Thats interesting, Ive heard a few instructors say that they felt by introducing the taegueks they were 'dumbing things down' because they were easier than the palgwes. Not knowing the taegueks myself I havent known whether to believe this, but Im starting to hear more and more people say the taegueks are easier.


----------



## andyjeffries (Jan 18, 2011)

ralphmcpherson said:


> Thanks for the link. That looks very similar to the way we do it. We wait 2 years between first and second dan (is that the same as kukki tkd?)

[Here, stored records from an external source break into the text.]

lemma dvd_self_diff_add_iff:
  fixes r s p :: nat
  assumes "r < p" "s < p"
  shows "p dvd (p - s + r) \<longleftrightarrow> r = s"
proof
  assume dvd: "p dvd (p - s + r)"
  show "r = s"
  proof (rule ccontr)
    assume "r \<noteq> s"
    then consider "r < s" | "s < r"
      by linarith
    then show False
    proof cases
      case 1
      then show False
        using dvd nat_dvd_not_less[of "p - s + r" p] assms by linarith
    next
      case 2
      then have "p dvd (r - s)"
        using dvd assms by (metis add.commute add_diff_assoc less_imp_le dvd_add_right_iff dvd_refl)
      then show False
        using 2 nat_dvd_not_less[of "r - s" p] assms by linarith
    qed
  qed
qed (use assms in simp)

text \<open>Orthogonality of the characters of \<open>\<mu>\<^sub>p\<close>: weighting by \<open>c\<^sup>p\<^sup>-\<^sup>s\<close> and summing over \<open>c \<in> \<mu>\<^sub>p\<close>
  extracts the coefficient of \<open>c\<^sup>s\<close>.\<close>

lemma coeff_eq_0_if_vanishing_on_mu:
  fixes B :: "nat \<Rightarrow> mpoly"
  assumes p: "1 \<le> p" and vanish: "\<And>c. c \<in> mu p \<Longrightarrow> (\<Sum>r<p. PC (c ^ r) * B r) = 0"
    and s: "s < p"
  shows "B s = 0"
proof -
  let ?z = "zeta p"
  have "0 = (\<Sum>j<p. PC (?z ^ (j * (p - s))) * (\<Sum>r<p. PC ((?z ^ j) ^ r) * B r))"
    using vanish zeta_power_in_mu by simp
  also have "\<dots> = (\<Sum>j<p. \<Sum>r<p. PC ((?z ^ (p - s + r)) ^ j) * B r)"
  proof -
    have "?z ^ (j * (p - s)) * (?z ^ j) ^ r = (?z ^ (p - s + r)) ^ j" for j r
      by (simp add: power_mult[symmetric] power_add[symmetric] add_mult_distrib2 mult.commute add.commute)
    then show ?thesis
      by (simp add: sum_distrib_left mult.assoc[symmetric] PC_mult[symmetric])
  qed
  also have "\<dots> = (\<Sum>r<p. PC (\<Sum>j<p. (?z ^ (p - s + r)) ^ j) * B r)"
    by (subst sum.swap) (simp add: PC_sum sum_distrib_right)
  also have "\<dots> = (\<Sum>r<p. if r = s then PC (of_nat p) * B r else 0)"
    by (intro sum.cong refl) (simp add: sum_powers_zeta_power[OF p] dvd_self_diff_add_iff s)
  also have "\<dots> = PC (of_nat p) * B s"
    using s by simp
  finally show ?thesis
    using p by simp
qed

section \<open>The ideal \<open>(M\<^sub>1, \<dots>, M\<^sub>k)\<close>\<close>

lemma in_ideal_0 [simp]: "in_ideal m p W k 0"
  unfolding in_ideal_def by (rule exI[of _ "\<lambda>_. 0"]) simp

lemma in_ideal_no_gens_iff: "in_ideal m p W 0 X \<longleftrightarrow> X = 0"
  unfolding in_ideal_def by (auto intro: exI[of _ "\<lambda>_. 0"])

lemma in_ideal_add:
  assumes "in_ideal m p W k X" "in_ideal m p W k Y"
  shows "in_ideal m p W k (X + Y)"
proof -
  obtain c d where c: "\<forall>i. vars (c i) \<subseteq> W" "X = (\<Sum>i = 1..k. c i * Mgen m p i)"
    and d: "\<forall>i. vars (d i) \<subseteq> W" "Y = (\<Sum>i = 1..k. d i * Mgen m p i)"
    using assms by (auto simp: in_ideal_def)
  have "vars (c i + d i) \<subseteq> W" for i
    using vars_add[of "c i" "d i"] c d by blast
  then show ?thesis
    unfolding in_ideal_def
    by (intro exI[of _ "\<lambda>i. c i + d i"]) (simp add: c d distrib_right sum.distrib)
qed

lemma in_ideal_mult:
  assumes "vars H \<subseteq> W" "in_ideal m p W k X"
  shows "in_ideal m p W k (H * X)"
proof -
  obtain c where c: "\<forall>i. vars (c i) \<subseteq> W" "X = (\<Sum>i = 1..k. c i * Mgen m p i)"
    using assms by (auto simp: in_ideal_def)
  have "vars (H * c i) \<subseteq> W" for i
    using vars_mult[of H "c i"] c assms(1) by blast
  then show ?thesis
    unfolding in_ideal_def
    by (intro exI[of _ "\<lambda>i. H * c i"]) (simp add: c sum_distrib_left mult.assoc)
qed

lemma in_ideal_sum: "(\<And>x. x \<in> S \<Longrightarrow> in_ideal m p W k (f x)) \<Longrightarrow> in_ideal m p W k (sum f S)"
  by (induct S rule: infinite_finite_induct) (simp_all add: in_ideal_add)
lemma Lnorm_on_ball_le_tail:
  fixes v :: "'a::euclidean_space \<Rightarrow> real"
  assumes "1 \<le> P" "0 \<le> D"
    and doubling: "\<And>x \<rho>. 0 < \<rho> \<Longrightarrow>
      Lnorm_on P (ball x (2 * \<rho>)) v \<le> ennreal D * Lnorm_on P (ball x \<rho>) v"
    and v: "v \<in> borel_measurable lebesgue" "\<And>y. 0 \<le> v y"
    and "0 \<le> s" "0 < \<rho>"
  shows "Lnorm_on P (ball x \<rho>) v
    \<le> ennreal (D ^ 3 * (2 * \<rho>) powr s) * Lnorm_on P (- ball x \<rho>) (\<lambda>y. v y / dist x y powr s)"
proof -
  define A where "A = ball x (2 * \<rho>) - ball x \<rho>"
  define c where "c = (2 * \<rho>) powr - s"
  have "0 < c" "A \<in> sets lebesgue" using \<open>0 < \<rho>\<close> unfolding c_def A_def by simp_all
  have "Lnorm_on P (ball x \<rho>) v \<le> ennreal (D ^ 3) * Lnorm_on P A v"
    unfolding A_def using doubling \<open>0 \<le> D\<close> \<open>0 < \<rho>\<close>
    by (intro doubling_ball_le_annulus Lnorm_on_mono) (use assms in auto)
  also have "Lnorm_on P A v = ennreal ((2 * \<rho>) powr s) * Lnorm_on P A (\<lambda>y. c * v y)"
    using Lnorm_on_cmult[OF \<open>1 \<le> P\<close> \<open>0 < c\<close> v(2) v(1) \<open>A \<in> sets lebesgue\<close>] \<open>0 < \<rho>\<close>
    by (simp add: c_def powr_minus flip: mult.assoc ennreal_mult')
  also have "Lnorm_on P A (\<lambda>y. c * v y) \<le> Lnorm_on P (- ball x \<rho>) (\<lambda>y. v y / dist x y powr s)"
  proof (rule Lnorm_on_mono[OF \<open>1 \<le> P\<close>])
    fix y assume "y \<in> A"
    then have "0 < dist x y" "dist x y \<le> 2 * \<rho>" using \<open>0 < \<rho>\<close> unfolding A_def by auto
    then have "v y / (2 * \<rho>) powr s \<le> v y / dist x y powr s"
      using v(2)[of y] \<open>0 \<le> s\<close> by (intro divide_left_mono powr_mono2 mult_pos_pos) auto
    then show "c * v y \<le> v y / dist x y powr s"
      unfolding c_def by (simp add: powr_minus divide_inverse mult.commute)
  qed (use \<open>0 < c\<close> v \<open>A \<in> sets lebesgue\<close> in \<open>auto simp: A_def\<close>)
  finally show ?thesis
    using \<open>0 \<le> D\<close> by (simp add: ennreal_mult mult.assoc mult_left_mono)
qed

No, under the Kukkiwon regulations it's 1 year between first and second.



ralphmcpherson said:


> Our belt order is a little different to some in that we go from 3rd red belt (1st gup) to black belt (no dan, like a probationary black belt, although it is a black belt with no stripe), and then to 1st dan when we receive the first of our dan certificates and are given our dan number and a stripe on the belt.



The Kukkiwon Textbook makes a single reference to Cho Dan Bo (probationary black belt) but I've never heard of it in a dojang in England.



ralphmcpherson said:


> So in a round about way 1st dan is actually the second black belt along the way. We train for one year between black and 1st dan, 2years from 1st to 2nd, 3 years from 2nd to 3rd etc.



The Kukkiwon timings are the other way, you wait the number of years for the grade you are not the grade you're going for.



ralphmcpherson said:


> From what I understand we do the same order of poomsae as kukki clubs once black belt. Koryo, then keum gang, then teabek(?) etc.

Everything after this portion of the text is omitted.